What is being asked:
Find the lines holding the string "ultimately" in the data, then copy all of them.

——

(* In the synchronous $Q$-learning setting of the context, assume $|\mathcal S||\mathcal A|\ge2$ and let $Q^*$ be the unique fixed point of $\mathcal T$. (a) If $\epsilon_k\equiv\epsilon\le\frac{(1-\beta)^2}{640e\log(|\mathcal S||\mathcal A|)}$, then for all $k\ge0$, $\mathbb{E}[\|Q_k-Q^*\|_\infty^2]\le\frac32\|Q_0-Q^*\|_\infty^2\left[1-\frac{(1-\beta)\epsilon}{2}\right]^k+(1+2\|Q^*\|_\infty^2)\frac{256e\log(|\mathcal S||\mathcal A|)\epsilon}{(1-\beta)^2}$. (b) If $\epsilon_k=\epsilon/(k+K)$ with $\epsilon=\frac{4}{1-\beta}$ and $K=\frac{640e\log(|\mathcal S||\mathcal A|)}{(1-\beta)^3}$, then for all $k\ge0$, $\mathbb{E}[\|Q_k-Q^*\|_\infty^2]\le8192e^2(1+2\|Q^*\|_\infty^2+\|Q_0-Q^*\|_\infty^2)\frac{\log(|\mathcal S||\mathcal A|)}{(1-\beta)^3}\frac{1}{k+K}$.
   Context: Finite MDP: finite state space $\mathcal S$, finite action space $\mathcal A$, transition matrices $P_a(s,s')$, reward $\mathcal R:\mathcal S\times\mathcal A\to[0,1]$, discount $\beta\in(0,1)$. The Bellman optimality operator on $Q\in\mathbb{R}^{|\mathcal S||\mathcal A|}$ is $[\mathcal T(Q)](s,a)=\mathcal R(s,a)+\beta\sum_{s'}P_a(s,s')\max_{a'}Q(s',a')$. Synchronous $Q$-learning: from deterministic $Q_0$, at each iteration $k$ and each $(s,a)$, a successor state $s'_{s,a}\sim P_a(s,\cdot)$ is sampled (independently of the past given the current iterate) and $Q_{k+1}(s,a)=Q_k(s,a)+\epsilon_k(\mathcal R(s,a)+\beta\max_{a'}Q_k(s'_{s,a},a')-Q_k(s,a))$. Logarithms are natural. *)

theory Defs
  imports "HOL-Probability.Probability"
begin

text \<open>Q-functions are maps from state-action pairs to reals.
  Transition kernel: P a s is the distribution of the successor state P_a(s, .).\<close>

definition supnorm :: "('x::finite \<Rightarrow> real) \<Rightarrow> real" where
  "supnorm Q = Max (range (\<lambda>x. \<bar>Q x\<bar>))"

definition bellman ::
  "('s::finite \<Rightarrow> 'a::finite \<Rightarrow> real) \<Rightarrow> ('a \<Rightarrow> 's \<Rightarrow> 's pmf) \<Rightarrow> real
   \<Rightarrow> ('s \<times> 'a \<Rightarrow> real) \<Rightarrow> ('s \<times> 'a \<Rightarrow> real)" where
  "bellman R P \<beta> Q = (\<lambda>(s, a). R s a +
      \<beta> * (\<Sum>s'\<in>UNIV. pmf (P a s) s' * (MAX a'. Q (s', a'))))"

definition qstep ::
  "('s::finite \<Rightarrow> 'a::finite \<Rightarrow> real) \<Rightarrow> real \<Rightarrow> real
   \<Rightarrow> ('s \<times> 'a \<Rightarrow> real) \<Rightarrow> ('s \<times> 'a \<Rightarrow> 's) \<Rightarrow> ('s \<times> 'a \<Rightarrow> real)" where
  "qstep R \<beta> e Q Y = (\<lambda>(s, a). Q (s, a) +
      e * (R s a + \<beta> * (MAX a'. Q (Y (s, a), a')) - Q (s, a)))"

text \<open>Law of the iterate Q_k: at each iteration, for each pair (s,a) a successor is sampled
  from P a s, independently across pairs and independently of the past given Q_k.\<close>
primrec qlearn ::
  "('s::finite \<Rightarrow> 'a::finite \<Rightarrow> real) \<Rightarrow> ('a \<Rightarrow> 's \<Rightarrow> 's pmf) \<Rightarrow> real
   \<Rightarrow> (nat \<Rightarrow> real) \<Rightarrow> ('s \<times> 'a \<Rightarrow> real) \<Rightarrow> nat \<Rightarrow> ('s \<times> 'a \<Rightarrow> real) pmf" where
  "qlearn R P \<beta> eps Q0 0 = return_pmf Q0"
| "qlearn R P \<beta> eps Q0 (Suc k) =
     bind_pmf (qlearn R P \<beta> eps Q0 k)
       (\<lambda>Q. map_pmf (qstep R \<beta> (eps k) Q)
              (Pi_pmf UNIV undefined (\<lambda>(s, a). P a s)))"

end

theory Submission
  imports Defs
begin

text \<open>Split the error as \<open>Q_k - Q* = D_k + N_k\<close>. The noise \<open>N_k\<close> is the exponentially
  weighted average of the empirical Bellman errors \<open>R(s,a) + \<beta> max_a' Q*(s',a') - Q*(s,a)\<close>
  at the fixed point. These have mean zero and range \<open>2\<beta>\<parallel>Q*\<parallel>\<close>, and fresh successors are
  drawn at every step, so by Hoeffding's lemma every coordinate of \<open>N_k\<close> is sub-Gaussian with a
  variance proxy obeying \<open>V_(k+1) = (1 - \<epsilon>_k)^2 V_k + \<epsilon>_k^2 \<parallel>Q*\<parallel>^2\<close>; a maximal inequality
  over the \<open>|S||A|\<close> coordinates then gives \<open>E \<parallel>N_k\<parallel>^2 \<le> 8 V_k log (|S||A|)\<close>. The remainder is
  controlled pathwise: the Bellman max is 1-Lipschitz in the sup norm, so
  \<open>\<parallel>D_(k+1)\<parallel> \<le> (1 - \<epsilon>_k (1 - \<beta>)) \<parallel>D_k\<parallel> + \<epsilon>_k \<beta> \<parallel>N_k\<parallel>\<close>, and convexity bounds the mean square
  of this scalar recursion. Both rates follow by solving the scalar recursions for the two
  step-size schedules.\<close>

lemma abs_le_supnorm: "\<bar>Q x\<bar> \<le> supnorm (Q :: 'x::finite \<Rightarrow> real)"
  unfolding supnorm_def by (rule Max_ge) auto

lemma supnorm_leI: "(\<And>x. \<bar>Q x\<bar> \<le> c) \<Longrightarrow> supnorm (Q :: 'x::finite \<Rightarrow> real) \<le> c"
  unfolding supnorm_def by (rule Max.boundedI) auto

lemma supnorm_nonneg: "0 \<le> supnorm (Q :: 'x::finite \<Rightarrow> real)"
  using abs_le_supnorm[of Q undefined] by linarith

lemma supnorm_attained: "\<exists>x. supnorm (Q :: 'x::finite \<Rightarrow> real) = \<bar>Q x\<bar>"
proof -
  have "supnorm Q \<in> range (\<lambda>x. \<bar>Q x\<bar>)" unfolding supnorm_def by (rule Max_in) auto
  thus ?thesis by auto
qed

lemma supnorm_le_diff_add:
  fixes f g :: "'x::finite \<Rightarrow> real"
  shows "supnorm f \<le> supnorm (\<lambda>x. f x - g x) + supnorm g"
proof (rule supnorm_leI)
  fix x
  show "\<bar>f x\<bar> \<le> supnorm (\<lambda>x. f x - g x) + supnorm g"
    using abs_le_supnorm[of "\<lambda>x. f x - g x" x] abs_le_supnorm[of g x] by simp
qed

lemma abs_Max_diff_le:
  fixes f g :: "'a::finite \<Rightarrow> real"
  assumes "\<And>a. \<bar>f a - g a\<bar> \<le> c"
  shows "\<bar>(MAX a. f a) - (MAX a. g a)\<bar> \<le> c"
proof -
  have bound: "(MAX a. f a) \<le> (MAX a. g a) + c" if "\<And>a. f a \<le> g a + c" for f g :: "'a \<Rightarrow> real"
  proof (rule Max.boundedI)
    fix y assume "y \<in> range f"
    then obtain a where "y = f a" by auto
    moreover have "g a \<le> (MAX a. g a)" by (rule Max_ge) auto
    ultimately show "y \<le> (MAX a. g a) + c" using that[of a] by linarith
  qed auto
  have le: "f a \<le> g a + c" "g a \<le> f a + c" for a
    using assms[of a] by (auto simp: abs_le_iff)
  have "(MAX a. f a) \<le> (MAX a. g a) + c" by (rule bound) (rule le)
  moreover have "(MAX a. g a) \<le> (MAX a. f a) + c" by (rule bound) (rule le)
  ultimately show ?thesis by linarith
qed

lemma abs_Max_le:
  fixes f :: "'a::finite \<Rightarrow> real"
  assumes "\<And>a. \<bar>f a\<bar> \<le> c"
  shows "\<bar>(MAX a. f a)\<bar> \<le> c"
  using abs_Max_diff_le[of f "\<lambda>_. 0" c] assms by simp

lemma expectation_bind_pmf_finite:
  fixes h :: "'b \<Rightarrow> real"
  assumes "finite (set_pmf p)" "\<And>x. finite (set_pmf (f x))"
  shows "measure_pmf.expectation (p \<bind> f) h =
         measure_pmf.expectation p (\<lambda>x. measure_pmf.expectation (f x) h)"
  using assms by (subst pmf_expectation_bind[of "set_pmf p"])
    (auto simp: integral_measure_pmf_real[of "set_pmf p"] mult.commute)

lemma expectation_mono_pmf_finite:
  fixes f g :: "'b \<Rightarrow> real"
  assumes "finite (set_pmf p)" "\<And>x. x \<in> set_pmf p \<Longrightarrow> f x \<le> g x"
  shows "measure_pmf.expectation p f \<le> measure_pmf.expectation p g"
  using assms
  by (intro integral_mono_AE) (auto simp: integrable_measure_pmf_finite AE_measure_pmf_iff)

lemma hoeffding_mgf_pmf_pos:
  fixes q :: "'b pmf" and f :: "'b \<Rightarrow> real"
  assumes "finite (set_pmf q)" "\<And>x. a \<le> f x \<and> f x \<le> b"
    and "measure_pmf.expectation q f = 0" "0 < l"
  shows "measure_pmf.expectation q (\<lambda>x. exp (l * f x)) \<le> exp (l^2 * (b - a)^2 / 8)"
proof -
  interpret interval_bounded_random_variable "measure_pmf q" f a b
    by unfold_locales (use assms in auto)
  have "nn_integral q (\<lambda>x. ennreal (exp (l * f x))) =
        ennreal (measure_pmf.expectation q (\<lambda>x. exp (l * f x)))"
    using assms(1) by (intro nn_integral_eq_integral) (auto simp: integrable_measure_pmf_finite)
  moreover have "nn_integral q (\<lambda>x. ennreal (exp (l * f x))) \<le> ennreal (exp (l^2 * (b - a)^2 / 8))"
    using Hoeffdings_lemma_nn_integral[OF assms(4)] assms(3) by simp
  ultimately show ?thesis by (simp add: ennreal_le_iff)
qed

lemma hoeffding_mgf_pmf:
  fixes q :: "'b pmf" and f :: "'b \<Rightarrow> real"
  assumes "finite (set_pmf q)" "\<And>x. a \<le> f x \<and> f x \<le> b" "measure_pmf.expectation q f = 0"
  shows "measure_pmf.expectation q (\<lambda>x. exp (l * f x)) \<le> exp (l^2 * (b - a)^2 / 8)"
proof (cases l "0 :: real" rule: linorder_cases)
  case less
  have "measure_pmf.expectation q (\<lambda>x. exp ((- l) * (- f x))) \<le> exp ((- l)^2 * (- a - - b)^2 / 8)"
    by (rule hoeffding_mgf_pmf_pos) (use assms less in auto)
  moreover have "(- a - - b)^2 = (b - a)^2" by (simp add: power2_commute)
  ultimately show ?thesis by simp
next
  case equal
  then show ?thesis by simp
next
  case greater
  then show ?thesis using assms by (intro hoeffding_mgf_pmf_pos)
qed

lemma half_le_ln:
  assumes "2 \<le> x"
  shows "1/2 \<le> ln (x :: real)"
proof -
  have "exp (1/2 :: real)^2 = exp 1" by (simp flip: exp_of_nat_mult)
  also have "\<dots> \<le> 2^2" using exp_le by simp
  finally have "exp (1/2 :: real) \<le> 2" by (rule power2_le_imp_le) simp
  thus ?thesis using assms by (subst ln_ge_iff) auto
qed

——

Task output:
    ultimately show "y \<le> (MAX a. g a) + c" using that[of a] by linarith
  ultimately show ?thesis by linarith
  ultimately show ?thesis by (simp add: ennreal_le_iff)
  ultimately show ?thesis by simp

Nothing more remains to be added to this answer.